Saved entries
◇ ◇ ◇ ◇ ◇
text \<open>A vertex u whose only neighbour is r is sedentary as soon as its edge carries less than
  half of the total squared weight of the pendant edges at r. Indeed, write the unit vector at u
  as p + q, where q is its projection onto the vector of pendant weights at r; then A p = 0, so
  U(t) at (u, u) equals 1 - |q|^2 plus the quadratic form of the unitary U(t) at q, and has
  modulus at least 1 - 2 |q|^2 > 0. Among three or more pendant edges at least two are light in
  this sense, and for unit weights all of them are.

  It remains to see that for fixed m almost every tree has a hub, a vertex with m pendant leaves.
  Start from a tree without one and a vertex w of degree at most four, and m times cut out a
  vertex of degree at most two (joining its neighbours) and hang it on w. Each move has about n/2
  choices, whereas a move is undone in at most 2mn ways; the resulting trees are within 4m edges
  of a tree without hubs and so have at most 16m hubs. Comparing counts bounds the fraction of
  trees without hubs by a constant times 1/n.\<close>

section \<open>Graphs on an initial segment of the naturals\<close>

definition neighbours :: "nat set set \<Rightarrow> nat \<Rightarrow> nat set" where
  "neighbours T x = {y. {x, y} \<in> T}"

definition degree :: "nat set set \<Rightarrow> nat \<Rightarrow> nat" where
  "degree T x = card (neighbours T x)"

definition graph_on :: "nat \<Rightarrow> nat set set \<Rightarrow> bool" where
  "graph_on n T \<longleftrightarrow> T \<subseteq> {e. \<exists>u v. e = {u, v} \<and> u \<noteq> v \<and> u < n \<and> v < n}"

definition connected_on :: "nat \<Rightarrow> nat set set \<Rightarrow> bool" where
  "connected_on n T \<longleftrightarrow> (\<forall>u<n. \<forall>v<n. (adj T)\<^sup>*\<^sup>* u v)"

lemma adj_commute: "adj T u v = adj T v u"
  unfolding adj_def by (simp add: insert_commute)

lemma rtranclp_adj_sym: "(adj T)\<^sup>*\<^sup>* u v \<Longrightarrow> (adj T)\<^sup>*\<^sup>* v u"
proof (induction rule: rtranclp_induct)
  case (step y z)
  then show ?case using adj_commute by (metis converse_rtranclp_into_rtranclp)
qed simp

lemma rtranclp_adj_map:
  assumes "\<And>x y. adj T x y \<Longrightarrow> (adj T')\<^sup>*\<^sup>* (f x) (f y)"
  shows "(adj T)\<^sup>*\<^sup>* u v \<Longrightarrow> (adj T')\<^sup>*\<^sup>* (f u) (f v)"
proof (induction rule: rtranclp_induct)
  case (step y z)
  then show ?case using assms by (meson rtranclp_trans)
qed simp

lemma connected_onI:
  assumes "\<And>u. u < n \<Longrightarrow> (adj T)\<^sup>*\<^sup>* u c"
  shows "connected_on n T"
  unfolding connected_on_def using assms rtranclp_adj_sym rtranclp_trans by metis

lemma graph_on_finite: "graph_on n T \<Longrightarrow> finite T"
  unfolding graph_on_def by (rule finite_subset[of _ "Pow {..<n}"]) auto

lemma graph_on_edgeE:
  assumes "graph_on n T" "e \<in> T"
  obtains u v where "e = {u, v}" "u \<noteq> v" "u < n" "v < n"
  using assms unfolding graph_on_def by auto

lemma graph_on_adjD: "graph_on n T \<Longrightarrow> adj T u v \<Longrightarrow> u \<noteq> v \<and> u < n \<and> v < n"
  unfolding graph_on_def adj_def by (auto simp: doubleton_eq_iff)

lemma graph_on_Un: "graph_on n A \<Longrightarrow> graph_on n B \<Longrightarrow> graph_on n (A \<union> B)"
  unfolding graph_on_def by (rule Un_least)

lemma mem_neighbours_iff: "y \<in> neighbours T x \<longleftrightarrow> adj T x y"
  unfolding neighbours_def adj_def by simp

lemma neighbours_subset: "graph_on n T \<Longrightarrow> neighbours T x \<subseteq> {..<n}"
  by (auto simp: mem_neighbours_iff dest: graph_on_adjD)

lemma finite_neighbours: "graph_on n T \<Longrightarrow> finite (neighbours T x)"
  by (rule finite_subset[OF neighbours_subset]) simp_all

lemma not_mem_neighbours_self: "graph_on n T \<Longrightarrow> s \<notin> neighbours T s"
  by (auto simp: mem_neighbours_iff dest: graph_on_adjD)

lemma neighbours_eq_singletonE:
  assumes p: "graph_on n T" and d: "degree T s = 1"
  obtains a where "neighbours T s = {a}" "a < n" "a \<noteq> s"
proof -
  obtain a where a: "neighbours T s = {a}" using d unfolding degree_def by (meson card_1_singletonE)
  then have "adj T s a" using mem_neighbours_iff by blast
  then show ?thesis using that a graph_on_adjD[OF p] by blast
qed

lemma neighbours_eq_doubletonE:
  assumes p: "graph_on n T" and d: "degree T s = 2"
  obtains a b where "neighbours T s = {a, b}" "a \<noteq> b" "a < n" "b < n" "a \<noteq> s" "b \<noteq> s"
proof -
  obtain a b where ab: "neighbours T s = {a, b}" "a \<noteq> b"
    using d unfolding degree_def by (meson card_2_iff)
  then have "adj T s a" "adj T s b" using mem_neighbours_iff by blast+
  then show ?thesis using that ab graph_on_adjD[OF p] by blast
qed

lemma edges_containing:
  assumes "graph_on n T"
  shows "{e \<in> T. s \<in> e} = (\<lambda>x. {s, x}) ` neighbours T s"
proof (intro equalityI subsetI)
  fix e assume e: "e \<in> {e \<in> T. s \<in> e}"
  then obtain u v where "e = {u, v}" using graph_on_edgeE[OF assms] by blast
  with e show "e \<in> (\<lambda>x. {s, x}) ` neighbours T s"
    unfolding neighbours_def by (auto simp: insert_commute)
qed (auto simp: neighbours_def)

lemma card_edges_containing: "graph_on n T \<Longrightarrow> card {e \<in> T. s \<in> e} = degree T s"
  unfolding edges_containing degree_def
  by (rule card_image) (auto intro: inj_onI simp: doubleton_eq_iff)

lemma sum_degree:
  assumes p: "graph_on n T"
  shows "(\<Sum>v<n. degree T v) = 2 * card T"
proof -
  have ends: "card {v \<in> {..<n}. v \<in> e} = 2" if "e \<in> T" for e
  proof -
    obtain u v where "e = {u, v}" "u \<noteq> v" "u < n" "v < n"
      using graph_on_edgeE[OF p \<open>e \<in> T\<close>] by blast
    then have "{v \<in> {..<n}. v \<in> e} = {u, v}" by auto
    then show ?thesis using \<open>u \<noteq> v\<close> by simp
  qed
  have "(\<Sum>v<n. degree T v) = (\<Sum>v<n. card {e \<in> T. v \<in> e})"
    using card_edges_containing[OF p] by simp
  also have "\<dots> = (\<Sum>v<n. \<Sum>e\<in>T. if v \<in> e then 1::nat else 0)"
    using graph_on_finite[OF p] by (simp add: sum.inter_filter[symmetric])
  also have "\<dots> = (\<Sum>e\<in>T. \<Sum>v<n. if v \<in> e then 1::nat else 0)" by (rule sum.swap)
  also have "\<dots> = (\<Sum>e\<in>T. card {v \<in> {..<n}. v \<in> e})"
    by (simp add: sum.inter_filter[symmetric])
  also have "\<dots> = 2 * card T" using ends by simp
  finally show ?thesis .
qed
◇ ◇ ◇ ◇ ◇
Task objective: Above are the records. Print exactly, and only, the lines from the line with "v) = (\<Sum>v<n." to the line with "by (rule sum.swap)", both inclusive.

Expected answer:
  have "(\<Sum>v<n. degree T v) = (\<Sum>v<n. card {e \<in> T. v \<in> e})"
    using card_edges_containing[OF p] by simp
  also have "\<dots> = (\<Sum>v<n. \<Sum>e\<in>T. if v \<in> e then 1::nat else 0)"
    using graph_on_finite[OF p] by (simp add: sum.inter_filter[symmetric])
  also have "\<dots> = (\<Sum>e\<in>T. \<Sum>v<n. if v \<in> e then 1::nat else 0)" by (rule sum.swap)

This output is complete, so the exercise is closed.